# Comparison of Classifier's predicted probability: t-test, Wilcoxon test and others

In this notebook, we use paired tests to assess whether the posterior probabilities of two classifiers differ significantly.

First, let's load the Breast Cancer Dataset.

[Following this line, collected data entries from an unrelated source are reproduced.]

lemma process_pop_sound:
  assumes I: "gll_inv G V st" and d: "desc_wf G V (LSlot ((X, \<gamma>), k), u, i, w)"
    and k: "\<not> k < length \<gamma>"
    and P: "process G E (LSlot ((X, \<gamma>), k), u, i, w) st = (st', c)"
  shows "step_sound G V E st st' c"
proof -
  have pop_cost: "c' \<le> 1 + (1 + card (sppf_labels G) * card V) * (1 + card (slots G))"
    if "gll_inv G V st0" "popS G u i z st0 = (st', c')" for st0 z c'
    using popS_cost_le[OF wf fin _ that(2)] that(1) by (simp add: gll_inv_def)
  have "k = length \<gamma>"
    using d k by (simp add: slots_def)
  show ?thesis
  proof (cases "\<gamma> = []")
    case True
    then have "k = 0" "w = Dummy" "(X, []) \<in> Prods G"
      using d \<open>k = length \<gamma>\<close> by (simp_all add: slots_def)
    then have y: "fst (getNodeP G ((X, \<gamma>), k) w (ENode i)) = NNode i X i"
      using True by (simp add: getNodeP_def Let_def)
    let ?st0 = "addSPPF {ENode i, NNode i X i} (snd (getNodeP G ((X, []), 0) w (ENode i))) st"
    have "fst (popS G u i (NNode i X i) ?st0) = st'" "1 + snd (popS G u i (NNode i X i) ?st0) = c"
      using P True y \<open>k = 0\<close> by (simp_all add: process_def Let_def)
    then obtain c' where popS: "popS G u i (NNode i X i) ?st0 = (st', c')" and c: "c = 1 + c'"
      by (metis prod.collapse)
    have "sppf_wf G V (NNode i X i)" "gss_at G i u"
      using d wf \<open>(X, []) \<in> Prods G\<close> \<open>w = Dummy\<close> by (auto simp: cfg_wf_def)
    then have "gll_inv G V st' \<and> processed st \<subseteq> processed st'"
      using popS_preserves_inv[OF wf _ _ _ _ popS] I by simp
    moreover have "c \<le> step_cost_bound G (card V) (max 1 (maxdeg V E))"
      using pop_cost[OF _ popS] I unfolding c by (intro le_step_cost_boundI) simp
    ultimately show ?thesis
      unfolding step_sound_def by blast
  next
    case False
    then have popS: "popS G u i w st = (st', c)"
      using P k by (simp add: process_def)
    have "w \<noteq> Dummy"
      using d False \<open>k = length \<gamma>\<close> by simp
    then have "sppf_wf G V w" "rext w = i" "gss_at G (lext w) u"
      using d by simp_all
    then have "gll_inv G V st' \<and> processed st \<subseteq> processed st'"
      using popS_preserves_inv[OF wf I _ _ _ popS] by simp
    moreover have "c \<le> step_cost_bound G (card V) (max 1 (maxdeg V E))"
      using pop_cost[OF I popS] by (intro le_step_cost_boundI) simp
    ultimately show ?thesis
      unfolding step_sound_def by blast
  qed
qed

lemma process_step_sound:
  assumes I: "gll_inv G V st" and d: "desc_wf G V d" and P: "process G E d st = (st', c)"
  shows "step_sound G V E st st' c"
proof -
  obtain lb u i w where d_eq: "d = (lb, u, i, w)"
    by (cases d)
  show ?thesis
  proof (cases lb)
    case LStart
    then show ?thesis
      using process_start_sound I d P unfolding d_eq by blast
  next
    case (LSlot L)
    obtain X \<gamma> k where L: "L = ((X, \<gamma>), k)"
      by (cases L) auto
    consider (terminal) a where "k < length \<gamma>" "\<gamma> ! k = T a"
      | (call) Y where "k < length \<gamma>" "\<gamma> ! k = NT Y"
      | (pop) "\<not> k < length \<gamma>"
      by (metis sym.exhaust)
    then show ?thesis
      using I d P unfolding d_eq LSlot L
      by cases (blast intro: process_terminal_sound process_call_sound process_pop_sound)+
  qed
qed

lemma runs_cost_le:
  assumes "runs G E st0 c st" and "gll_inv G V st0"
  shows "gll_inv G V st \<and>
    step_cost_bound G (card V) (max 1 (maxdeg V E)) * card (processed st0) + c
      \<le> step_cost_bound G (card V) (max 1 (maxdeg V E)) * card (processed st)"
  using assms
proof (induction rule: runs.induct)
  case (runs_refl st)
  then show ?case by simp
next
  case (runs_step st0 c st d st' c')
  let ?K = "step_cost_bound G (card V) (max 1 (maxdeg V E))"
  let ?s = "st\<lparr>R := R st - {d}\<rparr>"
  have I: "gll_inv G V st" and cost: "?K * card (processed st0) + c \<le> ?K * card (processed st)"
    using runs_step.IH runs_step.prems by blast+
  have "d \<in> U st"
    using I runs_step.hyps(2) by (auto simp: gll_inv_def)
  then have "gll_inv G V ?s" and "desc_wf G V d" and processed_s: "processed ?s = insert d (processed st)"
    using I by (auto simp: gll_inv_def processed_def)
  then have step: "step_sound G V E ?s st' c'"
    using process_step_sound runs_step.hyps(3) by blast
  then have fin': "finite (processed st')"
    using card_descs_le[OF wf fin, of "U st'"] unfolding step_sound_def gll_inv_def processed_def by auto
  have sub: "insert d (processed st) \<subseteq> processed st'"
    using step processed_s unfolding step_sound_def by simp
  have "d \<notin> processed st"
    using runs_step.hyps(2) by (simp add: processed_def)
  then have "card (processed st) + 1 = card (insert d (processed st))"
    using finite_subset[OF sub fin'] by simp
  also have "\<dots> \<le> card (processed st')"
    by (rule card_mono[OF fin' sub])
  finally have "card (processed st) + 1 \<le> card (processed st')" .
  then have "?K * (card (processed st) + 1) \<le> ?K * card (processed st')"
    by (rule mult_le_mono2)
  then show ?case
    using step cost unfolding step_sound_def by (simp add: algebra_simps)
qed

end

lemma gll_cost_polynomial_le:
  fixes n D s l :: nat
  assumes D: "D \<ge> 1"
  shows "(2 + (1 + l * n) * (2 + s) + D * (1 + s)) * ((1 + s)\<^sup>2 * (n + l * n\<^sup>2))
           \<le> (2 + (1 + l) * (2 + s) + (1 + s)) * (1 + s)\<^sup>2 * (1 + l) * (n ^ 3 * D)"
proof (cases "n = 0")
  case False
  then have n: "n \<ge> 1" by simp
  have "2 + (1 + l * n) * (2 + s) + D * (1 + s) \<le> n * D * (2 + (1 + l) * (2 + s) + (1 + s))"
  proof -
    have "1 + l * n \<le> n * (1 + l)"
      using n by (simp add: algebra_simps)
    then have "(1 + l * n) * (2 + s) \<le> n * D * ((1 + l) * (2 + s))"
      using n D by (metis mult.assoc mult.commute mult_le_mono mult_le_mono1 nat_mult_1)
    moreover have "1 * (D * (1 + s)) \<le> n * (D * (1 + s))" "1 * 2 \<le> (n * D) * 2"
      using n D by (intro mult_le_mono1; simp)+
    ultimately show ?thesis
      by (simp add: algebra_simps)
  qed
  moreover have "(1 + s)\<^sup>2 * (n + l * n\<^sup>2) \<le> (1 + s)\<^sup>2 * (1 + l) * n\<^sup>2"
  proof -
    have "n \<le> n\<^sup>2"
      using n by (simp add: power2_eq_square)
    then have "n + l * n\<^sup>2 \<le> (1 + l) * n\<^sup>2"
      by simp
    then show ?thesis
      unfolding mult.assoc by (rule mult_le_mono2)
  qed
  ultimately have "(2 + (1 + l * n) * (2 + s) + D * (1 + s)) * ((1 + s)\<^sup>2 * (n + l * n\<^sup>2))
      \<le> (n * D * (2 + (1 + l) * (2 + s) + (1 + s))) * ((1 + s)\<^sup>2 * (1 + l) * n\<^sup>2)"
    by (rule mult_le_mono)
  then show ?thesis
    by (simp add: power2_eq_square power3_eq_cube algebra_simps)
qed simp

theorem theorem4:
  fixes G :: "('n,'t) cfg"
  assumes "cfg_wf G"
  shows "\<exists>C::real. \<forall>(V::'v set) (E::('v \<times> 't \<times> 'v) set) Vs Vf c st.
           finite V \<and> E \<subseteq> V \<times> Tms G \<times> V \<and> Vs \<subseteq> V \<and> Vf \<subseteq> V \<and>
           runs G E (init Vs) c st
           \<longrightarrow> real c \<le> C * real (card V) ^ 3 * real (max 1 (maxdeg V E))"
proof -
  let ?s = "card (slots G)" and ?l = "card (sppf_labels G)"
  let ?C = "(2 + (1 + ?l) * (2 + ?s) + (1 + ?s)) * (1 + ?s)\<^sup>2 * (1 + ?l)"
  show ?thesis
  proof (intro exI[of _ "real ?C"] allI impI, elim conjE)
    fix V :: "'v set" and E :: "('v \<times> 't \<times> 'v) set" and Vs Vf c and st :: "('n,'t,'v) gstate"
    assume fin: "finite V" and E_sub: "E \<subseteq> V \<times> Tms G \<times> V" and "Vs \<subseteq> V"
      and run: "runs G E (init Vs) c st"
    let ?n = "card V" and ?D = "max 1 (maxdeg V E)"
    have inv: "gll_inv G V st" and "c \<le> step_cost_bound G ?n ?D * card (processed st)"
      using runs_cost_le[OF assms fin E_sub run gll_inv_init[OF \<open>Vs \<subseteq> V\<close>]] by simp_all
    moreover have "card (processed st) \<le> (1 + ?s)\<^sup>2 * (?n + ?l * ?n\<^sup>2)"
      using card_descs_le[OF assms fin, of "U st"] inv
      by (auto simp: gll_inv_def processed_def intro: card_mono[THEN order_trans])
    ultimately have "c \<le> step_cost_bound G ?n ?D * ((1 + ?s)\<^sup>2 * (?n + ?l * ?n\<^sup>2))"
      by (meson mult_le_mono2 order_trans)
    also have "\<dots> \<le> ?C * (?n ^ 3 * ?D)"
      unfolding step_cost_bound_def by (rule gll_cost_polynomial_le) simp
    finally have "real c \<le> real (?C * (?n ^ 3 * ?D))"
      by (simp only: of_nat_le_iff)
    then show "real c \<le> real ?C * real ?n ^ 3 * real ?D"
      by (simp only: of_nat_mult of_nat_power mult.assoc)
  qed
qed

end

We will construct two RandomForest with 50 and 51 estimators with the hope that there is no real difference between them



In [6]:
import sklearn
import numpy as np
import scipy
from sklearn.ensemble import RandomForestClassifier
from sklearn.datasets import load_iris, load_breast_cancer, load_digits
from sklearn.model_selection import train_test_split
from __future__ import print_function

dataset = load_breast_cancer()

data = dataset.data
target = dataset.target



Now, let's perform a paired t-test.

In [7]:
for _ in range(10):
    X_train, X_test, Y_train, Y_test = train_test_split(data, target, test_size=0.2)

    clf_A = RandomForestClassifier(n_estimators=50)
    clf_B = RandomForestClassifier(n_estimators=51)

    clf_A.fit(X_train, Y_train);
    clf_B.fit(X_train, Y_train);
    
    prob_A = clf_A.predict_proba(X_test)[:, 1]
    prob_B = clf_B.predict_proba(X_test)[:, 1]
    
    print("{} run".format(_+1))
    print("P-value : {}".format(scipy.stats.ttest_rel(prob_A, prob_B).pvalue))

1 run
P-value : 0.803051858565
2 run
P-value : 0.235007027539
3 run
P-value : 0.246274852779
4 run
P-value : 0.0624261284336
5 run
P-value : 0.048288650826
6 run
P-value : 0.279970029367
7 run
P-value : 0.989384821222
8 run
P-value : 0.577798898327
9 run
P-value : 0.922509261412
10 run
P-value : 0.967157109588


As we can see, there is a high probability of performing a type I error. Is it because data is non-normal?

Let's perform a Wilcoxon non parametric test.

In [8]:
for _ in range(10):
    X_train, X_test, Y_train, Y_test = train_test_split(data, target, test_size=0.2)

    clf_A = RandomForestClassifier(n_estimators=50)
    clf_B = RandomForestClassifier(n_estimators=51)

    clf_A.fit(X_train, Y_train);
    clf_B.fit(X_train, Y_train);
    
    prob_A = clf_A.predict_proba(X_test)[:, 1]
    prob_B = clf_B.predict_proba(X_test)[:, 1]
    
    print("{} run".format(_+1))
    print("P-value : {}".format(scipy.stats.wilcoxon(prob_A, prob_B).pvalue))

1 run
P-value : 0.107725164429
2 run
P-value : 0.315788095921
3 run
P-value : 0.629511470224
4 run
P-value : 0.802640192194
5 run
P-value : 0.433733102243
6 run
P-value : 0.635596646395
7 run
P-value : 0.49267168113
8 run
P-value : 0.0365398300494
9 run
P-value : 0.386452210453
10 run
P-value : 0.237561828978


There is a high variability here too, depending mainly on the random split of the test set. Let's try this on another dataset

In [9]:
dataset = load_digits()

data = dataset.data
target = dataset.target


for _ in range(10):
    X_train, X_test, Y_train, Y_test = train_test_split(data, target, test_size=0.2)

    clf_A = RandomForestClassifier(n_estimators=50)
    clf_B = RandomForestClassifier(n_estimators=51)

    clf_A.fit(X_train, Y_train);
    clf_B.fit(X_train, Y_train);
    
    prob_A = clf_A.predict_proba(X_test)[:, 0]
    prob_B = clf_B.predict_proba(X_test)[:, 0]
    
    print("{} run".format(_+1))
    print("P-value : {}".format(scipy.stats.wilcoxon(prob_A, prob_B).pvalue))

1 run
P-value : 0.274646747515
2 run
P-value : 0.376916372728
3 run
P-value : 0.278462636287
4 run
P-value : 0.206219391555
5 run
P-value : 0.120399696459
6 run
P-value : 0.0319334504654
7 run
P-value : 0.00289103538983
8 run
P-value : 0.0532025213858
9 run
P-value : 0.685694385542
10 run
P-value : 0.0192099698263


Seeing these examples, it seems that comparing posterior probabilities is very unstable.